● Problem description:
Your task is to copy the stretch of lines in the records below that begins with the line containing "(enat (card (K - T)" and ends with the line containing "using assms(1,2) by", exactly as written, with nothing added.
[Provided material — start]
lemma Sigma_on_one: "Sigma_on 1 K a = a ` K"
proof (intro equalityI subsetI)
  fix x assume "x \<in> Sigma_on 1 K a"
  then show "x \<in> a ` K"
    unfolding Sigma_on_def by (auto simp: length_Suc_conv)
next
  fix x assume "x \<in> a ` K"
  then obtain k where "k \<in> K" and "x = sum_list (map a [k])"
    by auto
  then show "x \<in> Sigma_on 1 K a"
    unfolding Sigma_on_def by (intro CollectI exI[of _ "[k]"]) simp
qed

lemma set_plus_Sigma_on_subset:
  assumes "J \<inter> K = {}"
  shows "Sigma_on l J a + Sigma_on l' K a \<subseteq> Sigma_on (l + l') (J \<union> K) a"
proof
  fix x assume "x \<in> Sigma_on l J a + Sigma_on l' K a"
  then obtain js ks where "x = sum_list (map a js) + sum_list (map a ks)"
    and "length js = l" "distinct js" "set js \<subseteq> J" "length ks = l'" "distinct ks" "set ks \<subseteq> K"
    unfolding Sigma_on_def set_plus_def by blast
  with assms have "x = sum_list (map a (js @ ks))" and "length (js @ ks) = l + l'"
    and "distinct (js @ ks)" and "set (js @ ks) \<subseteq> J \<union> K"
    by auto
  then show "x \<in> Sigma_on (l + l') (J \<union> K) a"
    unfolding Sigma_on_def by blast
qed

lemma image_plus_Sigma_on_Diff_subset:
  assumes "T \<subseteq> K"
  shows "a ` T + Sigma_on l (K - T) a \<subseteq> Sigma_on (Suc l) K a"
  using set_plus_Sigma_on_subset[where J = T and K = "K - T" and l = 1 and l' = l, unfolded Sigma_on_one]
    assms by (simp add: Un_absorb1)

lemma replicate_in_Sigma_on_SucI:
  assumes "T \<subseteq> K" and "a i \<in> a ` T" and "sum_list (replicate l (a i)) \<in> Sigma_on l (K - T) a"
  shows "sum_list (replicate (Suc l) (a i)) \<in> Sigma_on (Suc l) K a"
proof -
  have "a i + sum_list (replicate l (a i)) \<in> a ` T + Sigma_on l (K - T) a"
    using assms(2,3) by (rule set_plus_intro)
  with image_plus_Sigma_on_Diff_subset[OF assms(1)] show ?thesis
    by auto
qed

lemma card_Sigma_on_Suc_ge:
  fixes a :: "'i \<Rightarrow> 'a::group_add"
  assumes "finite K" and "l < card K"
  shows "min (card (a ` K)) (card K - l) \<le> card (Sigma_on (Suc l) K a)"
proof -
  obtain T\<^sub>0 where "T\<^sub>0 \<subseteq> K" "inj_on a T\<^sub>0" "a ` K = a ` T\<^sub>0"
    using subset_image_inj[of "a ` K" a K] by blast
  then have "min (card (a ` K)) (card K - l) \<le> card T\<^sub>0"
    by (simp add: card_image)
  then obtain T where "T \<subseteq> T\<^sub>0" and card_T: "card T = min (card (a ` K)) (card K - l)"
    by (rule obtain_subset_with_card_n)
  with \<open>T\<^sub>0 \<subseteq> K\<close> \<open>inj_on a T\<^sub>0\<close> have "T \<subseteq> K" and "inj_on a T"
    by (auto intro: inj_on_subset)
  then have "l \<le> card (K - T)"
    using card_Diff_subset[of T K] finite_subset[OF _ assms(1)] card_T assms(2) by simp
  then obtain s where s: "s \<in> Sigma_on l (K - T) a"
    using Sigma_on_nonempty[of "K - T" l a] assms(1) by blast
  have "(\<lambda>x. x + s) ` a ` T \<subseteq> a ` T + Sigma_on l (K - T) a"
    using s by blast
  also have "\<dots> \<subseteq> Sigma_on (Suc l) K a"
    using \<open>T \<subseteq> K\<close> by (rule image_plus_Sigma_on_Diff_subset)
  finally have "card ((\<lambda>x. x + s) ` a ` T) \<le> card (Sigma_on (Suc l) K a)"
    by (rule card_mono[OF finite_Sigma_on[OF assms(1)]])
  moreover have "card ((\<lambda>x. x + s) ` a ` T) = card T"
    using \<open>inj_on a T\<close> by (simp add: card_image inj_on_def)
  ultimately show ?thesis
    using card_T by simp
qed

lemma kemperman_Sigma_on_Suc:
  fixes a :: "'i \<Rightarrow> 'a::group_add"
  assumes "finite K" "T \<subseteq> K" "T \<noteq> {}" "inj_on a T" "l \<le> card (K - T)"
    and "min (p_grp TYPE('a)) (enat (card (K - T) - l + 1)) \<le> enat (card (Sigma_on l (K - T) a))"
  shows "min (p_grp TYPE('a)) (enat (card K - l)) \<le> enat (card (Sigma_on (Suc l) K a))"
proof -
  let ?p = "p_grp TYPE('a)" and ?\<Sigma> = "Sigma_on l (K - T) a"
  have "finite T"
    using assms(1,2) by (rule finite_subset[rotated])
  then have "card (K - T) = card K - card T" and "card T \<le> card K" and "card T \<noteq> 0"
    using assms(1-3) by (simp_all add: card_Diff_subset card_mono)
  with assms(5) have "card K - l = (card (K - T) - l + 1) + (card T - 1)"
    by linarith
  then have "min ?p (enat (card K - l)) \<le> min ?p (enat (card ?\<Sigma> + (card T - 1)))"
    using min_enat_add_mono[OF assms(6)] by simp
  also have "\<dots> = min ?p (enat (card (a ` T) + card ?\<Sigma> - 1))"
    using card_image[OF assms(4)] \<open>card T \<noteq> 0\<close> by (simp add: add.commute)
  also have "\<dots> \<le> enat (card (Sigma_on (Suc l) K a))"
    using kemperman[OF finite_Sigma_on[OF assms(1)] finite_imageI[OF \<open>finite T\<close>]
        finite_Sigma_on[OF finite_Diff[OF assms(1)]] _ Sigma_on_nonempty[OF finite_Diff[OF assms(1)] assms(5)]
        image_plus_Sigma_on_Diff_subset[OF assms(2)]] assms(3)
    by blast
  finally show ?thesis .
qed

lemma card_Sigma_on_ge_or_repeated_sum:
  fixes a :: "'i \<Rightarrow> 'a::group_add"
  assumes "1 \<le> l" and "finite K" and "l \<le> card K"
  shows "min (p_grp TYPE('a)) (enat (card K - l + 1)) \<le> enat (card (Sigma_on l K a))
    \<or> (\<exists>i\<in>K. sum_list (replicate l (a i)) \<in> Sigma_on l K a)"
  using assms
proof (induction l arbitrary: K rule: nat_induct_at_least)
  case base
  then obtain i where "i \<in> K"
    by fastforce
  then have "sum_list (replicate 1 (a i)) \<in> Sigma_on 1 K a"
    unfolding Sigma_on_one by simp
  with \<open>i \<in> K\<close> show ?case
    by blast
next
  case (Suc l)
  show ?case
  proof (cases "card K - l \<le> card (a ` K)")
    case True
    then have "card K - l \<le> card (Sigma_on (Suc l) K a)"
      using card_Sigma_on_Suc_ge[where K = K and l = l and a = a] Suc.prems by simp
    then show ?thesis
      using Suc.prems by (intro disjI1 min.coboundedI2) simp
  next
    case False
    obtain T\<^sub>0 where T\<^sub>0: "T\<^sub>0 \<subseteq> K" "inj_on a T\<^sub>0" "a ` K = a ` T\<^sub>0"
      using subset_image_inj[of "a ` K" a K] by blast
    with False Suc.prems(1) have "l \<le> card (K - T\<^sub>0)"
      by (simp add: card_Diff_subset finite_subset card_image)
    from Suc.IH[OF finite_Diff[OF Suc.prems(1)] this] show ?thesis
    proof (elim disjE bexE)
      assume "min (p_grp TYPE('a)) (enat (card (K - T\<^sub>0) - l + 1))
        \<le> enat (card (Sigma_on l (K - T\<^sub>0) a))"
      with Suc.prems T\<^sub>0 \<open>l \<le> card (K - T\<^sub>0)\<close> have "min (p_grp TYPE('a)) (enat (card K - l)) \<le> enat (card (Sigma_on (Suc l) K a))"
        by (intro kemperman_Sigma_on_Suc) auto
      with Suc.prems show ?thesis
        by (simp add: Suc_diff_Suc)
    next
      fix i assume "i \<in> K - T\<^sub>0" and "sum_list (replicate l (a i)) \<in> Sigma_on l (K - T\<^sub>0) a"
      with T\<^sub>0 have "sum_list (replicate (Suc l) (a i)) \<in> Sigma_on (Suc l) K a"
        by (intro replicate_in_Sigma_on_SucI) auto
      with \<open>i \<in> K - T\<^sub>0\<close> show ?thesis
        by blast
    qed
  qed
qed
[Provided material — finish]
● Response to the task:
    and "min (p_grp TYPE('a)) (enat (card (K - T) - l + 1)) \<le> enat (card (Sigma_on l (K - T) a))"
  shows "min (p_grp TYPE('a)) (enat (card K - l)) \<le> enat (card (Sigma_on (Suc l) K a))"
proof -
  let ?p = "p_grp TYPE('a)" and ?\<Sigma> = "Sigma_on l (K - T) a"
  have "finite T"
    using assms(1,2) by (rule finite_subset[rotated])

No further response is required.